I want to get a function that will set the n last bits of a numerical type to 1. For example:

bitmask (5) = 0b11111 = 31
bitmask (0) = 0

I, first, had this implementation (mask_t is just a typedef around uint64_t):

mask_t bitmask (unsigned short n) {
  return ((((mask_t) 1) << n) - 1;
}

Everything is fine except when the function hit bitmask (64) (the size of mask_t), then I get bitmask (64) = 0 in place of 64 bits set to 1.

So, I have two questions:

  1. Why do I have this behavior ? Pushing the 1 by 64 shifts on the left should clear the register and remain with 0, then applying the -1 should fill the register with 1s...

  2. What is the proper way to achieve this function ?

Upvotes: 5

Views: 2699

Answers (3)

perror
perror

Reputation: 7406

Finally, just for your information, I ended up by writing:

typedef uint64_t mask_t;
mask_t bitmask (unsigned short n) {
  return  (n < (sizeof (mask_t) * CHAR_BIT)) ? (((mask_t) 1) << n) - 1 : -1;
}

But, the answer of harold is so complete and well explained that I will select it as the answer.

Upvotes: 1

user555045
user555045

Reputation: 64904

Yes this is a well known problem. There are easy ways to implement this function over the range 0..63 and over the range 1..64 (one way has been mentioned in the comments), but 0..64 is more difficult.

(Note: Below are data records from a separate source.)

(* Let $(\mathcal{L},[\cdot,\cdot,\cdot]_{\mathcal{L}})$ be a (right) $3$-Leibniz algebra over a field $\mathbb{K}$ and let $\overline{\mathcal{L}}=\mathbb{K}\oplus\mathcal{L}$ with coalgebra structure $\Delta(a,x)=(a,x)\otimes(1,0)+(1,0)\otimes(0,x)$, $\varepsilon(a,x)=a$. Define the linear map $T:\overline{\mathcal{L}}^{\otimes3}\to\overline{\mathcal{L}}$ by $T((a,x),(b,y),(c,z))=(abc,\,bcx+[x,y,z]_{\mathcal{L}})$. Then $(\overline{\mathcal{L}},T)$ is a trilinear rack.
   Context: A (right) $3$-Leibniz algebra is a vector space $\mathcal{L}$ with a trilinear map $[\cdot,\cdot,\cdot]_{\mathcal{L}}$ such that $[[x_1,x_2,x_3]_{\mathcal{L}},y_1,y_2]_{\mathcal{L}}=[[x_1,y_1,y_2]_{\mathcal{L}},x_2,x_3]_{\mathcal{L}}+[x_1,[x_2,y_1,y_2]_{\mathcal{L}},x_3]_{\mathcal{L}}+[x_1,x_2,[x_3,y_1,y_2]_{\mathcal{L}}]_{\mathcal{L}}$ for all entries. $(\overline{\mathcal{L}},\Delta,\varepsilon)$ is a cocommutative coassociative counital coalgebra; Sweedler notation $\Delta(u)=u_{(1)}\otimes u_{(2)}$, $(\Delta\otimes\mathrm{Id})\Delta(u)=u_{(1)}\otimes u_{(2)}\otimes u_{(3)}$; $\overline{\mathcal{L}}^{\otimes3}$ has the tensor product coalgebra structure. A coalgebra morphism $f$ satisfies $\Delta'\circ f=(f\otimes f)\circ\Delta$, $\varepsilon'\circ f=\varepsilon$. A trilinear shelf is a coalgebra $\mathcal{C}$ with a coalgebra morphism $T:\mathcal{C}^{\otimes3}\to\mathcal{C}$ such that $T(T(x,y,z),u,v)=T(T(x,u_{(1)},v_{(1)}),T(y,u_{(2)},v_{(2)}),T(z,u_{(3)},v_{(3)}))$; it is a trilinear rack if there exists a trilinear shelf structure $\widetilde{T}$ on $\mathcal{C}$ with $\widetilde{T}(T(x,y_{(2)},z_{(2)}),z_{(1)},y_{(1)})=\varepsilon(y)\varepsilon(z)x=T(\widetilde{T}(x,y_{(2)},z_{(2)}),z_{(1)},y_{(1)})$ for all $x,y,z$. *)

theory Defs
  imports Main "HOL.Vector_Spaces" "HOL-Library.Product_Plus"
begin

text \<open>Elements of C (x) C, resp. C (x) C (x) C, are represented by finite lists of simple tensors;
 two such lists denote the same tensor iff every bilinear (trilinear) form takes the same
 value on them (tensors over a field are separated by multilinear forms).\<close>

definition bilin_form :: "('k::field \<Rightarrow> 'c::ab_group_add \<Rightarrow> 'c) \<Rightarrow> ('c \<Rightarrow> 'c \<Rightarrow> 'k) \<Rightarrow> bool" where
  "bilin_form s f \<longleftrightarrow> (\<forall>x. Vector_Spaces.linear s (*) (f x)) \<and> (\<forall>y. Vector_Spaces.linear s (*) (\<lambda>x. f x y))"

definition trilin_form :: "('k::field \<Rightarrow> 'c::ab_group_add \<Rightarrow> 'c) \<Rightarrow> ('c \<Rightarrow> 'c \<Rightarrow> 'c \<Rightarrow> 'k) \<Rightarrow> bool" where
  "trilin_form s f \<longleftrightarrow> (\<forall>y z. Vector_Spaces.linear s (*) (\<lambda>x. f x y z))
     \<and> (\<forall>x z. Vector_Spaces.linear s (*) (\<lambda>y. f x y z)) \<and> (\<forall>x y. Vector_Spaces.linear s (*) (\<lambda>z. f x y z))"

text \<open>trilinear map C x C x C \<rightarrow> C (= linear map on C (x) C (x) C)\<close>
definition trilin_map :: "('k::field \<Rightarrow> 'c::ab_group_add \<Rightarrow> 'c) \<Rightarrow> ('c \<Rightarrow> 'c \<Rightarrow> 'c \<Rightarrow> 'c) \<Rightarrow> bool" where
  "trilin_map s f \<longleftrightarrow> (\<forall>y z. Vector_Spaces.linear s s (\<lambda>x. f x y z))
     \<and> (\<forall>x z. Vector_Spaces.linear s s (\<lambda>y. f x y z)) \<and> (\<forall>x y. Vector_Spaces.linear s s (\<lambda>z. f x y z))"

definition teq2 :: "('k::field \<Rightarrow> 'c::ab_group_add \<Rightarrow> 'c) \<Rightarrow> ('c \<times> 'c) list \<Rightarrow> ('c \<times> 'c) list \<Rightarrow> bool" where
  "teq2 s xs ys \<longleftrightarrow> (\<forall>\<beta>. bilin_form s \<beta> \<longrightarrow>
      (\<Sum>(a,b)\<leftarrow>xs. \<beta> a b) = (\<Sum>(a,b)\<leftarrow>ys. \<beta> a b))"

definition teq3 :: "('k::field \<Rightarrow> 'c::ab_group_add \<Rightarrow> 'c) \<Rightarrow> ('c \<times> 'c \<times> 'c) list \<Rightarrow> ('c \<times> 'c \<times> 'c) list \<Rightarrow> bool" where
  "teq3 s xs ys \<longleftrightarrow> (\<forall>\<tau>. trilin_form s \<tau> \<longrightarrow>
      (\<Sum>(a,b,c)\<leftarrow>xs. \<tau> a b c) = (\<Sum>(a,b,c)\<leftarrow>ys. \<tau> a b c))"

text \<open>Sweedler: Delta u = sum over the list D u; (Delta (x) Id) Delta u = sum over sweedler3 D u\<close>
definition sweedler3 :: "('c \<Rightarrow> ('c \<times> 'c) list) \<Rightarrow> 'c \<Rightarrow> ('c \<times> 'c \<times> 'c) list" where
  "sweedler3 D u = concat (map (\<lambda>(p,c). map (\<lambda>(a,b). (a,b,c)) (D p)) (D u))"

definition sweedler3' :: "('c \<Rightarrow> ('c \<times> 'c) list) \<Rightarrow> 'c \<Rightarrow> ('c \<times> 'c \<times> 'c) list" where
  "sweedler3' D u = concat (map (\<lambda>(a,q). map (\<lambda>(b,c). (a,b,c)) (D q)) (D u))"

definition cocomm_coalgebra :: "('k::field \<Rightarrow> 'c::ab_group_add \<Rightarrow> 'c) \<Rightarrow> ('c \<Rightarrow> ('c \<times> 'c) list) \<Rightarrow> ('c \<Rightarrow> 'k) \<Rightarrow> bool" where
  "cocomm_coalgebra s D eps \<longleftrightarrow>
     vector_space s \<and>
     Vector_Spaces.linear s (*) eps \<and>
     (\<forall>c u v. teq2 s (D (s c u + v)) (map (\<lambda>(a,b). (s c a, b)) (D u) @ D v)) \<and>
     (\<forall>u. teq3 s (sweedler3 D u) (sweedler3' D u)) \<and>
     (\<forall>u. (\<Sum>(a,b)\<leftarrow>D u. s (eps a) b) = u \<and> (\<Sum>(a,b)\<leftarrow>D u. s (eps b) a) = u) \<and>
     (\<forall>u. teq2 s (D u) (map (\<lambda>(a,b). (b,a)) (D u)))"

text \<open>T : C(x)C(x)C \<rightarrow> C (given by a trilinear map) is a coalgebra morphism for the
  tensor product coalgebra structure on C(x)C(x)C; by linearity it suffices to check on simple tensors\<close>
definition coalg_morph3 :: "('k::field \<Rightarrow> 'c::ab_group_add \<Rightarrow> 'c) \<Rightarrow> ('c \<Rightarrow> ('c \<times> 'c) list) \<Rightarrow> ('c \<Rightarrow> 'k)
     \<Rightarrow> ('c \<Rightarrow> 'c \<Rightarrow> 'c \<Rightarrow> 'c) \<Rightarrow> bool" where
  "coalg_morph3 s D eps T \<longleftrightarrow>
     (\<forall>x y z. teq2 s (D (T x y z))
        (concat (map (\<lambda>(x1,x2). concat (map (\<lambda>(y1,y2). map (\<lambda>(z1,z2). (T x1 y1 z1, T x2 y2 z2)) (D z)) (D y))) (D x)))
      \<and> eps (T x y z) = eps x * eps y * eps z)"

Of course you can just take either the "left shifting" or "right shifting" mask generation and then special-case the "missing" n,

uint64_t bitmask (unsigned short n) {
  if (n == 64) return -((uint64_t)1);
  return (((uint64_t) 1) << n) - 1;
}

Or

uint64_t bitmask (unsigned short n) {
  if (n == 0) return 0;
  uint64_t full = ~(uint64_t)0;
  return full >> (64 - n);
}

Either way tends to compile to a branch, though it technically doesn't have to.

You can do it without if (not tested)

uint64_t bitmask (unsigned int n) {
  uint64_t x = (n ^ 64) >> 6;
  return (x << (n & 63)) - 1;
}

The idea here is that we're going to either shift 1 left by some amount the same as in your original code, or 0 in the case that n = 64. Shifting 0 left by 0 is just going to be 0 again, subtracting 1 sets all 64 bits.

Alternatively if you're on a modern x64 platform and BZHI is available, a very fast (BZHI is fast on all CPUs that implement it) but limited-portability option is:

uint64_t bitmask (unsigned int n) {
  return _bzhi_u64(~(uint64_t)0, n);
}

This is even well-defined for n > 64, the actual count of 1's will be min(n & 0xFF, 64) because BZHI saturates but it reads only the lowest byte of the index.

Upvotes: 6

dbush
dbush

Reputation: 223972

You cannot left shift by a value larger than or equal to the bit width of the type in question. Doing so invokes undefined behavior.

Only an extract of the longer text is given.